B. HUMID GRANULATION Polyvinyl pyrrolidione, polyethylene glycol and polysorbate 80 are dissolved in water. The resulting solution is used to granulate the active ingredient. After drying, the granules are screened, then extruded at elevated temperatures and pressures. The extruded product is crushed and / or sieved then combined with microcrystalline cellulose, croscarmellose sodium, colloidal silicon dioxide and magnesium stearate. The resulting mixture is compressed into tablets.

The active ingredient is sifted and combined with lactose, starch and pregelatinized corn starch. The polysorbate 80 is dissolved in purified water. Suitable volumes of the polysorbate 80 solution are added and the powders are granulated. After drying, the granules are sieved and combined with magnesium stearate. The granules are then compressed into tablets. It is possible to prepare tablets with other hardness by modifying the proportion of the active ingredient with the other excipients.

COATED TABLETS The formulations of the aforementioned tablets are coated with film.

* Water does not appear in the final product. The maximum theoretical weight of the solids applied during the coating was 20 mg / tablet. Opadry white is a trademarked material obtainable from Colorcon Limited, UK that contains hydroxypropyl methylcellulose, titanium dioxide and triacetin. The tablets were coated using the coating suspension in conventional coating equipment.

CAPSULES The active ingredient is sifted and combined with the excipients. The mixture is filled into size 1 hard gelatin capsules using suitable equipment.

The active ingredient is sifted and combined with the excipients. The mixture is filled into size 1 hard gelatin capsules using the appropriate equipment. Other doses can be prepared by modifying the proportion of the active ingredient to the excipients, the filling weight and if necessary changing the size of the capsule.

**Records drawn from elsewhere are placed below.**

lemma below_alpha0_signs:
  assumes x: "0 < x" "x \<le> \<rho>" "\<rho> \<le> 1" and below: "slope_ratio x < alpha0 f' \<phi>' t0 \<rho> (r \<rho>)"
  shows "\<tau>' x < 0 \<and> 0 \<le> R x \<and> (R x = 0 \<longrightarrow> \<phi>' (r' x) = 0)"
proof -
  note b = f'_bounds[OF x]
  define g where "g = slope_ratio x"
  have "0 < \<tau> x" "0 < f x" "0 < r' x"
    using x tau_pos f_pos_unit r'_pos by auto
  then have r'x: "r' x = g * \<tau> x" and "0 < g"
    by (simp_all add: g_def slope_ratio_def)
  have "0 < b1 f' (r \<rho>)"
    using b(10) by simp
  then have g: "b1 f' (r \<rho>) * g < b0 f' \<rho>" "g < q0_inv \<phi>' t0 (b1 f' \<rho> / b0 f' (r \<rho>))"
    using below by (simp_all add: alpha0_def g_def less_divide_eq mult.commute)
  have "f' (r x) * r' x \<le> b1 f' (r \<rho>) * (g * \<tau> x)"
    unfolding r'x using b(4) \<open>0 < \<tau> x\<close> \<open>0 < g\<close> by (intro mult_right_mono) auto
  moreover have "b0 f' \<rho> * \<tau> x \<le> f' x * \<tau> x"
    using b(1) \<open>0 < \<tau> x\<close> by (intro mult_right_mono) auto
  moreover have "b1 f' (r \<rho>) * (g * \<tau> x) < b0 f' \<rho> * \<tau> x"
    using g(1) \<open>0 < \<tau> x\<close> by (simp add: mult.assoc[symmetric])
  ultimately have "\<tau>' x < 0"
    unfolding \<tau>'_def using \<open>0 < f x\<close> by (simp add: divide_less_0_iff)
  moreover have "0 \<le> R x \<and> (R x = 0 \<longrightarrow> \<phi>' (r' x) = 0)"
    unfolding R_def r'x
    by (rule phi'_combination_nonneg[OF \<open>0 < \<tau> x\<close> \<open>0 < g\<close> b(5,1,2) b(6,3,4)]) (use b g in auto)
  ultimately show ?thesis
    by blast
qed

lemma continuous_on_N: "0 < a \<Longrightarrow> b < 1 \<Longrightarrow> continuous_on {a..b} N"
  by (rule continuous_at_imp_continuous_on) (auto intro!: DERIV_isCont[OF N_has_deriv])

lemma tau_strict_mono_above:
  assumes "\<rho> \<le> 1" and above: "\<And>z. a < z \<Longrightarrow> z \<le> \<rho> \<Longrightarrow> alpha1 f' \<phi>' t0 \<rho> (r \<rho>) < slope_ratio z"
    and "a \<le> x" "0 < x" "x < y" "y \<le> \<rho>"
  shows "\<tau> x < \<tau> y"
proof (rule DERIV_pos_imp_increasing_open[OF \<open>x < y\<close>])
  fix z assume "x < z" "z < y"
  then have "0 < \<tau>' z"
    using above_alpha1_signs[of z \<rho>] above[of z] assms by auto
  then show "\<exists>d. (\<tau> has_real_derivative d) (at z) \<and> 0 < d"
    using tau_has_deriv[of z] \<open>x < z\<close> \<open>z < y\<close> assms by auto
qed (use assms in \<open>auto intro: continuous_on_subset[OF continuous_on_tau]\<close>)

lemma tau_strict_antimono_below:
  assumes "\<rho> \<le> 1" and below: "\<And>z. a < z \<Longrightarrow> z \<le> \<rho> \<Longrightarrow> slope_ratio z < alpha0 f' \<phi>' t0 \<rho> (r \<rho>)"
    and "a \<le> x" "0 < x" "x < y" "y \<le> \<rho>"
  shows "\<tau> y < \<tau> x"
proof (rule DERIV_neg_imp_decreasing_open[OF \<open>x < y\<close>])
  fix z assume "x < z" "z < y"
  then have "\<tau>' z < 0"
    using below_alpha0_signs[of z \<rho>] below[of z] assms by auto
  then show "\<exists>d. (\<tau> has_real_derivative d) (at z) \<and> d < 0"
    using tau_has_deriv[of z] \<open>x < z\<close> \<open>z < y\<close> assms by auto
qed (use assms in \<open>auto intro: continuous_on_subset[OF continuous_on_tau]\<close>)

The active ingredient is sifted and combined with Labrafil. The suspension is filled into soft gelatin capsules using appropriate equipment.

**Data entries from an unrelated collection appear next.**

lemma frontier_S_spectrum_subset_S_Phi_spectrum:
  assumes V: "quat_two_sided_banach_algebra LV RV" and W: "quat_two_sided_banach_algebra LW RW"
    and hom: "quat_alg_hom LV RV LW RW A" and "bounded_below A"
    and q: "q \<in> frontier (S_spectrum a)"
  shows "q \<in> S_Phi_spectrum A a"
proof (rule ccontr)
  let ?F = "at q within - S_spectrum a"
  assume "q \<notin> S_Phi_spectrum A a"
  then have "invertible_elem (A (Rq q a))"
    unfolding S_Phi_spectrum_def Phi_set_def by simp
  have "q \<in> S_spectrum a"
    using q closed_S_spectrum frontier_subset_closed by blast
  moreover have "q islimpt - S_spectrum a"
    using q calculation by (auto simp: frontier_closures closure_def)
  then have "?F \<noteq> bot" by (simp add: trivial_limit_within)
  moreover have "eventually (\<lambda>p. invertible_elem (Rq p a)) ?F"
    by (simp add: eventually_at_filter S_spectrum_def)
  moreover have "((\<lambda>p. Rq p v) \<longlongrightarrow> Rq q v) ?F" for v :: "'v::{real_normed_algebra_1,banach}"
    using continuous_Rq[of q v] tendsto_mono[OF at_le[OF subset_UNIV]]
    by (simp add: continuous_at)
  moreover have "((\<lambda>p. A (Rq p a)) \<longlongrightarrow> A (Rq q a)) ?F"
    using continuous_Rq[of q "A a"] tendsto_mono[OF at_le[OF subset_UNIV]]
    by (simp add: continuous_at quat_alg_hom_Rq[OF V W hom])
  ultimately have "invertible_elem (Rq q a)"
    using invertible_elem_tendsto_bounded_below_hom[of A] hom \<open>bounded_below A\<close>
      \<open>invertible_elem (A (Rq q a))\<close>
    unfolding quat_alg_hom_def by blast
  with \<open>q \<in> S_spectrum a\<close> show False unfolding S_spectrum_def by simp
qed

theorem mainTheorem4:
  fixes LV :: "quat \<Rightarrow> 'v::{real_normed_algebra_1,banach} \<Rightarrow> 'v"
    and RV :: "'v \<Rightarrow> quat \<Rightarrow> 'v"
    and LW :: "quat \<Rightarrow> 'w::{real_normed_algebra_1,banach} \<Rightarrow> 'w"
    and RW :: "'w \<Rightarrow> quat \<Rightarrow> 'w"
    and A :: "'v \<Rightarrow> 'w"
    and a :: 'v
  assumes "quat_two_sided_banach_algebra LV RV"
    and "quat_two_sided_banach_algebra LW RW"
    and "quat_alg_hom LV RV LW RW A"
    and "bounded_below A"
  shows "frontier (S_spectrum a) \<subseteq> frontier (S_Phi_spectrum A a)"
proof
  fix q assume q: "q \<in> frontier (S_spectrum a)"
  have "q \<in> S_Phi_spectrum A a"
    using frontier_S_spectrum_subset_S_Phi_spectrum[OF assms q] .
  moreover have "S_Phi_spectrum A a \<subseteq> S_spectrum a"
    using assms(3) unfolding quat_alg_hom_def by (intro S_Phi_spectrum_subset_S_spectrum) auto
  then have "closure (- S_spectrum a) \<subseteq> closure (- S_Phi_spectrum A a)"
    by (intro closure_mono) blast
  ultimately show "q \<in> frontier (S_Phi_spectrum A a)"
    using q closure_subset by (auto simp: frontier_closures)
qed

end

Inhibitory effect of PDE-cGMP The cGMP-specific PDE activity of the compounds of the present invention was measured using a one step assay adapted from Wells et al. (Wells, J. N., Baird, C.E., Wu, Y. J. and Hardman, J. G., Biochem. Biophys,. Acta 384, 430 (1975)). The reaction medium contained 50mM Tris-HCl, pH 7.5, 5mM Mg-acetate, 5'-nucleotidase 250μg / ml; EGTA l M and 8- [H!] - cGMP 0.15 μM. The enzyme used was recombinant human PDE V (ICOS, Seattle USA). The compounds of the invention were dissolved in DMSO for a final concentration of 2% in the assay. The incubation time was 30 minutes during which the total conversion of the substrate did not exceed 302,.

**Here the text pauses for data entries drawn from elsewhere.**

lemma support_Act_subset:
  assumes "x \<in> Ob E" "y \<in> Ob E" "f \<in> Hom E x y" "m \<in> Val M y"
  shows "rmod_support E M x (Act M x y f m) \<subseteq> rmod_support E M y m"
proof
  fix w assume "w \<in> rmod_support E M x (Act M x y f m)"
  then obtain g where w: "w \<in> Ob E" "g \<in> Hom E w x" "Act M w x g (Act M x y f m) \<noteq> 0"
    by (auto simp: rmod_support_def)
  then have "Act M w y (cmp E w x y f g) m \<noteq> 0"
    using Act_cmp[OF w(1) assms(1,2) w(2) assms(3,4)] by simp
  moreover have "cmp E w x y f g \<in> Hom E w y"
    using klin_cat_cmp[OF klin_cat w(1) assms(1,2) w(2) assms(3)] .
  ultimately show "w \<in> rmod_support E M y m"
    using w(1) by (auto simp: rmod_support_def)
qed

lemma mem_support_self:
  assumes "y \<in> Ob E" "m \<in> Val M y" "m \<noteq> 0"
  shows "y \<in> rmod_support E M y m"
  using assms Act_ident[OF assms(1,2)] klin_cat_ident[OF klin_cat assms(1)]
  unfolding rmod_support_def by force

lemma subspace_support_subset:
  assumes y: "y \<in> Ob E"
  shows "module.subspace s {m \<in> Val M y. rmod_support E M y m \<subseteq> T}"
proof (rule module.subspaceI[OF module])
  show "0 \<in> {m \<in> Val M y. rmod_support E M y m \<subseteq> T}"
    using zero_in_Val[OF y] Act_zero y by (auto simp: rmod_support_def)
next
  fix a b assume a: "a \<in> {m \<in> Val M y. rmod_support E M y m \<subseteq> T}"
    and b: "b \<in> {m \<in> Val M y. rmod_support E M y m \<subseteq> T}"
  have "rmod_support E M y (a + b) \<subseteq> rmod_support E M y a \<union> rmod_support E M y b"
  proof
    fix x assume "x \<in> rmod_support E M y (a + b)"
    then obtain f where x: "x \<in> Ob E" "f \<in> Hom E x y" "Act M x y f (a + b) \<noteq> 0"
      by (auto simp: rmod_support_def)
    then have "Act M x y f a + Act M x y f b \<noteq> 0"
      using lin_on_add[OF Act_lin[OF x(1) y x(2)]] a b by simp
    then show "x \<in> rmod_support E M y a \<union> rmod_support E M y b"
      using x(1,2) by (auto simp: rmod_support_def)
  qed
  then show "a + b \<in> {m \<in> Val M y. rmod_support E M y m \<subseteq> T}"
    using a b module.subspace_add[OF module Val_subspace[OF y]] by auto
next
  fix c a assume a: "a \<in> {m \<in> Val M y. rmod_support E M y m \<subseteq> T}"
  have "rmod_support E M y (s c a) \<subseteq> rmod_support E M y a"
  proof
    fix x assume "x \<in> rmod_support E M y (s c a)"
    then obtain f where x: "x \<in> Ob E" "f \<in> Hom E x y" "Act M x y f (s c a) \<noteq> 0"
      by (auto simp: rmod_support_def)
    then have "s c (Act M x y f a) \<noteq> 0"
      using lin_on_scale[OF Act_lin[OF x(1) y x(2)]] a by simp
    then have "Act M x y f a \<noteq> 0"
      using module.scale_zero_right[OF module] by auto
    then show "x \<in> rmod_support E M y a"
      using x(1,2) by (auto simp: rmod_support_def)
  qed
  then show "s c a \<in> {m \<in> Val M y. rmod_support E M y m \<subseteq> T}"
    using a module.subspace_scale[OF module Val_subspace[OF y]] by auto
qed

The IC_, U values for the compounds examined were determined from the concentration-response curves using normal concentrations in the range from 10 nm to 10 μM. Testing against other PDE enzymes using the standard methodology also demonstrated that the compounds of the invention are highly selective for the cGMP-specific PDE enzyme.

Measurements of cGMP concentration Rat aortic smooth muscle cells (CMLR) prepared according to Chamley et al. in Cell Tissue Res. 177, 503-522 (1977) were used between the tenth and twenty-fifth step in confluence, in 24 well culture plates. The aspirated culture medium was replaced with PBS (0.5 ml) with a content of the test compound at the appropriate concentration. After 30 minutes at 37 ° C, the particulate guanylate cyclase was stimulated by the addition of ANF (100 nM) for 10 minutes. At the end of the incubation, the medium was removed and two extractions were carried out by the addition of 65% ethanol. (0.25 mi). The two ethanolic extracts were combined and evaporated to dryness using a Speed-vac system. After acetylation, cGMP was measured by scintillation proximity immunoassay (AMERSHAM). The EC50 values were expressed as the dose that produces half of the stimulation at saturation concentrations.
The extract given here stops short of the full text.